Work task> Only the lines below, from the one with "using single subst_propsD(4)[OF" through the one with "then obtain M", are to be written out, exactly.

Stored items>
====

lemma subst_patches_on_lattice:
  assumes "P \<in> patches_on A \<Gamma>" shows "subst P \<in> patches_on A \<Gamma>"
proof -
  have P: "P \<in> patches A \<Gamma>" and dom_P: "dom P = \<Gamma>"
    using assms by (simp_all add: patches_on_def patches_def)
  have "dom (subst P) = \<Gamma>"
    using supertile_subset supertile_cover by (auto simp: dom_subst[OF P] dom_P)
  with subst_patches[OF P] show ?thesis by (simp add: patches_on_def patches_def)
qed

lemma continuous_subst:
  "continuous_map (config_topology A \<Gamma>) (config_topology A \<Gamma>) (pts_of \<Gamma> \<circ> subst \<circ> cfg_of \<Gamma>)"
  unfolding config_topology_def continuous_map_componentwise
proof (intro conjI ballI)
  show "(pts_of \<Gamma> \<circ> subst \<circ> cfg_of \<Gamma>) ` topspace (product_topology (\<lambda>_. discrete_topology A) \<Gamma>)
      \<subseteq> extensional \<Gamma>"
    by (auto simp: pts_of_def)
  fix k assume k: "k \<in> \<Gamma>"
  obtain \<eta> \<delta> where h: "\<eta> \<in> \<Gamma>" "\<delta> \<in> D ` V \<inter> \<Gamma>" "k = D \<eta> + \<delta>"
    using supertile_cover[OF k] by (auto simp: supertile_def)
  have letter: "continuous_map (discrete_topology A) (discrete_topology A) (\<lambda>a. the (S0 a \<delta>))"
  proof -
    have "the (S0 a \<delta>) \<in> A" if "a \<in> A" for a
    proof -
      have "\<delta> \<in> dom (S0 a)" "ran (S0 a) \<subseteq> A"
        using S0_patch[OF that] h(2) by (simp_all add: patches_on_def)
      then show ?thesis by (auto intro: ranI)
    qed
    then show ?thesis by (simp add: continuous_map_from_discrete_topology Pi_iff)
  qed
  have "continuous_map (product_topology (\<lambda>_. discrete_topology A) \<Gamma>) (discrete_topology A)
      (\<lambda>x. the (S0 (x \<eta>) \<delta>))"
    using continuous_map_compose[OF continuous_map_product_projection[OF h(1)] letter]
    by (simp add: comp_def)
  moreover have "the (S0 (x \<eta>) \<delta>) = (pts_of \<Gamma> \<circ> subst \<circ> cfg_of \<Gamma>) x k" for x
  proof -
    have "dom (cfg_of \<Gamma> x) \<subseteq> \<Gamma>" "\<eta> \<in> dom (cfg_of \<Gamma> x)"
      using h(1) by (auto simp: cfg_of_def split: if_splits)
    from subst_apply[OF this h(2)] show ?thesis
      using h k by (simp add: pts_of_def cfg_of_def)
  qed
  ultimately show "continuous_map (product_topology (\<lambda>_. discrete_topology A) \<Gamma>) (discrete_topology A)
      (\<lambda>x. (pts_of \<Gamma> \<circ> subst \<circ> cfg_of \<Gamma>) x k)"
    by simp
qed

end

lemma subst_propsD:
  assumes "subst_props D \<Gamma> A l0 S0 S"
  shows "P \<in> patches A \<Gamma> \<Longrightarrow> S P \<in> patches A \<Gamma>"
    and "a \<in> A \<Longrightarrow> S (single_patch a) = S0 a"
    and "\<gamma> \<in> \<Gamma> \<Longrightarrow> P \<in> patches A \<Gamma> \<Longrightarrow> S (act \<gamma> P) = act (D l0 \<gamma>) (S P)"
    and "\<forall>M\<in>Ms. M \<subseteq> \<Gamma> \<Longrightarrow> P \<in> patches_on A (\<Union>Ms) \<Longrightarrow>
      dom (S P) = (\<Union>M\<in>Ms. dom (S (P |` M)))"
    and "\<forall>M\<in>Ms. M \<subseteq> \<Gamma> \<Longrightarrow> P \<in> patches_on A (\<Union>Ms) \<Longrightarrow> M \<in> Ms \<Longrightarrow>
      x \<in> dom (S (P |` M)) \<Longrightarrow> S P x = S (P |` M) x"
  using assms unfolding subst_props_def by simp_all

lemma subst_props_substitution_rule:
  fixes D :: "real \<Rightarrow> 'g::{metric_space,group_add} \<Rightarrow> 'g"
  assumes "substitution_rule (D l) \<Gamma> V A S0"
  shows "subst_props D \<Gamma> A l S0 (substitution_rule.subst (D l) \<Gamma> V S0)"
proof -
  interpret substitution_rule "D l" \<Gamma> V A S0 by (fact assms)
  show ?thesis unfolding subst_props_def
  proof (intro conjI ballI allI impI)
    show "subst P \<in> patches A \<Gamma>" if "P \<in> patches A \<Gamma>" for P
      using that by (rule subst_patches)
    show "subst (single_patch a) = S0 a" if "a \<in> A" for a
      using that by (rule subst_single_patch)
    show "subst (act \<gamma> P) = act (D l \<gamma>) (subst P)" if "\<gamma> \<in> \<Gamma>" "P \<in> patches A \<Gamma>" for \<gamma> P
      using that by (rule subst_act)
    then show "dom (subst (act \<gamma> P)) = (+) (D l \<gamma>) ` dom (subst P)"
      if "\<gamma> \<in> \<Gamma>" "P \<in> patches A \<Gamma>" for \<gamma> P
      using that by (simp add: dom_act)
    show "dom (subst P) = (\<Union>M\<in>Ms. dom (subst (P |` M)))"
      if "\<forall>M\<in>Ms. M \<subseteq> \<Gamma>" "P \<in> patches_on A (\<Union>Ms)" for Ms P
      using that by (rule dom_subst_Union)
    show "subst P \<gamma> = subst (P |` M) \<gamma>"
      if "\<forall>M\<in>Ms. M \<subseteq> \<Gamma>" "P \<in> patches_on A (\<Union>Ms)" "M \<in> Ms" "\<gamma> \<in> dom (subst (P |` M))"
      for Ms P M \<gamma>
    proof -
      have "\<Union>Ms \<subseteq> \<Gamma>" using that(1) by blast
      with that(2,4) show ?thesis by (intro subst_restrict patches_on_imp_patches)
    qed
  qed
qed

lemma subst_props_unique:
  assumes "0 \<in> \<Gamma>" "subst_props D \<Gamma> A l0 S0 S1" "subst_props D \<Gamma> A l0 S0 S2"
    and P: "P \<in> patches A \<Gamma>"
  shows "S1 P = S2 P"
proof -
  have dom_P: "dom P \<subseteq> \<Gamma>" using P by (simp add: patches_def)
  define Ms where "Ms = (\<lambda>\<eta>. {\<eta>}) ` dom P"
  have Ms: "\<forall>M\<in>Ms. M \<subseteq> \<Gamma>" and P_Ms: "P \<in> patches_on A (\<Union>Ms)"
    using P dom_P by (auto simp: Ms_def patches_def patches_on_def)
  have single: "S1 (P |` M) = S2 (P |` M)" if "M \<in> Ms" for M
  proof -
    from that obtain \<eta> where \<eta>: "M = {\<eta>}" "\<eta> \<in> dom P" by (auto simp: Ms_def)
    then obtain a where a: "P \<eta> = Some a" by auto
    then have "a \<in> A" using P by (auto simp: patches_def ran_def)
    then have sp: "single_patch a \<in> patches A \<Gamma>"
      using assms(1) by (simp add: patches_def single_patch_def)
    have "P |` M = [\<eta> \<mapsto> a]" using \<eta>(1) a by (auto simp: restrict_map_def)
    also have "\<dots> = act \<eta> (single_patch a)" by (simp add: act_single_patch)
    finally have "P |` M = act \<eta> (single_patch a)" .
    moreover have "\<eta> \<in> \<Gamma>" using \<eta>(2) dom_P by auto
    ultimately show ?thesis
      using sp \<open>a \<in> A\<close> subst_propsD(2,3)[OF assms(2)] subst_propsD(2,3)[OF assms(3)] by simp
  qed
  have dom_eq: "dom (S1 P) = dom (S2 P)"
    using single subst_propsD(4)[OF assms(2) Ms P_Ms] subst_propsD(4)[OF assms(3) Ms P_Ms] by simp
  show ?thesis
  proof
    fix x
    show "S1 P x = S2 P x"
    proof (cases "x \<in> dom (S1 P)")
      case True
      then obtain M where M: "M \<in> Ms" "x \<in> dom (S1 (P |` M))"
        using subst_propsD(4)[OF assms(2) Ms P_Ms] by auto
      have "S1 P x = S1 (P |` M) x" using M by (rule subst_propsD(5)[OF assms(2) Ms P_Ms])
      also have "\<dots> = S2 (P |` M) x" using single[OF M(1)] by simp
      also have "\<dots> = S2 P x"
        using M single[OF M(1)] subst_propsD(5)[OF assms(3) Ms P_Ms] by simp
      finally show ?thesis .
    next
      case False
      with dom_eq show ?thesis by (metis domIff)
    qed
  qed
qed

lemma subst_props_funpow_act:
  assumes "subst_props D \<Gamma> A l0 S0 S" "D l0 ` \<Gamma> \<subseteq> \<Gamma>" "P \<in> patches A \<Gamma>" "\<gamma> \<in> \<Gamma>"
  shows "(S ^^ n) (act \<gamma> P) = act ((D l0 ^^ n) \<gamma>) ((S ^^ n) P)"
proof -
  have "(S ^^ n) P \<in> patches A \<Gamma>" for n
    by (induction n) (simp_all add: assms(3) subst_propsD(1)[OF assms(1)])
  moreover have "(D l0 ^^ n) \<gamma> \<in> \<Gamma>" for n
    using assms(2,4) by (induction n) auto
  ultimately show ?thesis
    by (induction n) (simp_all add: subst_propsD(3)[OF assms(1)])
qed

lemma substitution_datum_imp_substitution_rule:
  assumes "substitution_datum D \<Gamma> V A l0 S0"
  shows "substitution_rule (D l0) \<Gamma> V A S0"
proof -
  have dilation: "dilation_datum D \<Gamma> V" and S0: "\<forall>a\<in>A. S0 a \<in> patches_on A (D l0 ` V \<inter> \<Gamma>)"
    and D_lattice: "D l0 ` \<Gamma> \<subseteq> \<Gamma>"
    using assms by (simp_all add: substitution_datum_def)
  obtain rm rp where "0 < rm" "rm < rp" "l0 > 1 + rp / rm"
    using assms by (auto simp: substitution_datum_def)
  moreover have "rp / rm > 0" using calculation by simp
  ultimately have "l0 > 0" by linarith
  with dilation have "bij (D l0)" "\<And>x y. D l0 (x + y) = D l0 x + D l0 y"
    by (simp_all add: dilation_datum_def)
  moreover have "uniform_lattice \<Gamma>" "\<And>g. \<exists>!\<gamma>. \<gamma> \<in> \<Gamma> \<and> g \<in> (+) \<gamma> ` V"
    using dilation by (simp_all add: dilation_datum_def)
  ultimately show ?thesis
    using S0 D_lattice by unfold_locales (simp_all add: uniform_lattice_def)
qed

theorem proposition2:
  fixes D :: "real \<Rightarrow> 'g::{metric_space,group_add} \<Rightarrow> 'g"
    and \<Gamma> V :: "'g set"
    and A :: "'a set" and l0 :: real
    and S0 :: "'a \<Rightarrow> 'g \<Rightarrow> 'a option"
  assumes "substitution_datum D \<Gamma> V A l0 S0"
  shows "\<exists>S. subst_props D \<Gamma> A l0 S0 S
           \<and> (\<forall>S'. subst_props D \<Gamma> A l0 S0 S' \<longrightarrow> (\<forall>P\<in>patches A \<Gamma>. S' P = S P))
           \<and> (\<forall>P\<in>patches A \<Gamma>. S P = construction D \<Gamma> V l0 S0 P)
           \<and> (\<forall>P\<in>patches A \<Gamma>. \<forall>\<gamma>\<in>\<Gamma>. \<forall>n::nat.
                (S ^^ n) (act \<gamma> P) = act ((D l0 ^^ n) \<gamma>) ((S ^^ n) P))
           \<and> (\<forall>P\<in>patches_on A \<Gamma>. S P \<in> patches_on A \<Gamma>)
           \<and> continuous_map (config_topology A \<Gamma>) (config_topology A \<Gamma>)
               (pts_of \<Gamma> \<circ> S \<circ> cfg_of \<Gamma>)"
proof -
  note rule = substitution_datum_imp_substitution_rule[OF assms]
  interpret substitution_rule "D l0" \<Gamma> V A S0 by (fact rule)
  note props = subst_props_substitution_rule[where D = D and l = l0, OF rule]
  have construction: "construction D \<Gamma> V l0 S0 = subst"
    by (simp add: fun_eq_iff construction_def subst_def)
  show ?thesis
  proof (intro exI[of _ subst] conjI ballI allI impI)
    show "subst_props D \<Gamma> A l0 S0 subst" by (fact props)
    show "S' P = subst P" if "subst_props D \<Gamma> A l0 S0 S'" "P \<in> patches A \<Gamma>" for S' P
      using lattice_zero that(1) props that(2) by (rule subst_props_unique)
    show "subst P = construction D \<Gamma> V l0 S0 P" for P by (simp add: construction)
    show "(subst ^^ n) (act \<gamma> P) = act ((D l0 ^^ n) \<gamma>) ((subst ^^ n) P)"
      if "P \<in> patches A \<Gamma>" "\<gamma> \<in> \<Gamma>" for P \<gamma> n
      using props D_lattice that by (rule subst_props_funpow_act)
    show "subst P \<in> patches_on A \<Gamma>" if "P \<in> patches_on A \<Gamma>" for P
      using that by (rule subst_patches_on_lattice)
    show "continuous_map (config_topology A \<Gamma>) (config_topology A \<Gamma>) (pts_of \<Gamma> \<circ> subst \<circ> cfg_of \<Gamma>)"
      by (rule continuous_subst)
  qed
qed

end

====

Result of this task>
    using single subst_propsD(4)[OF assms(2) Ms P_Ms] subst_propsD(4)[OF assms(3) Ms P_Ms] by simp
  show ?thesis
  proof
    fix x
    show "S1 P x = S2 P x"
    proof (cases "x \<in> dom (S1 P)")
      case True
      then obtain M where M: "M \<in> Ms" "x \<in> dom (S1 (P |` M))"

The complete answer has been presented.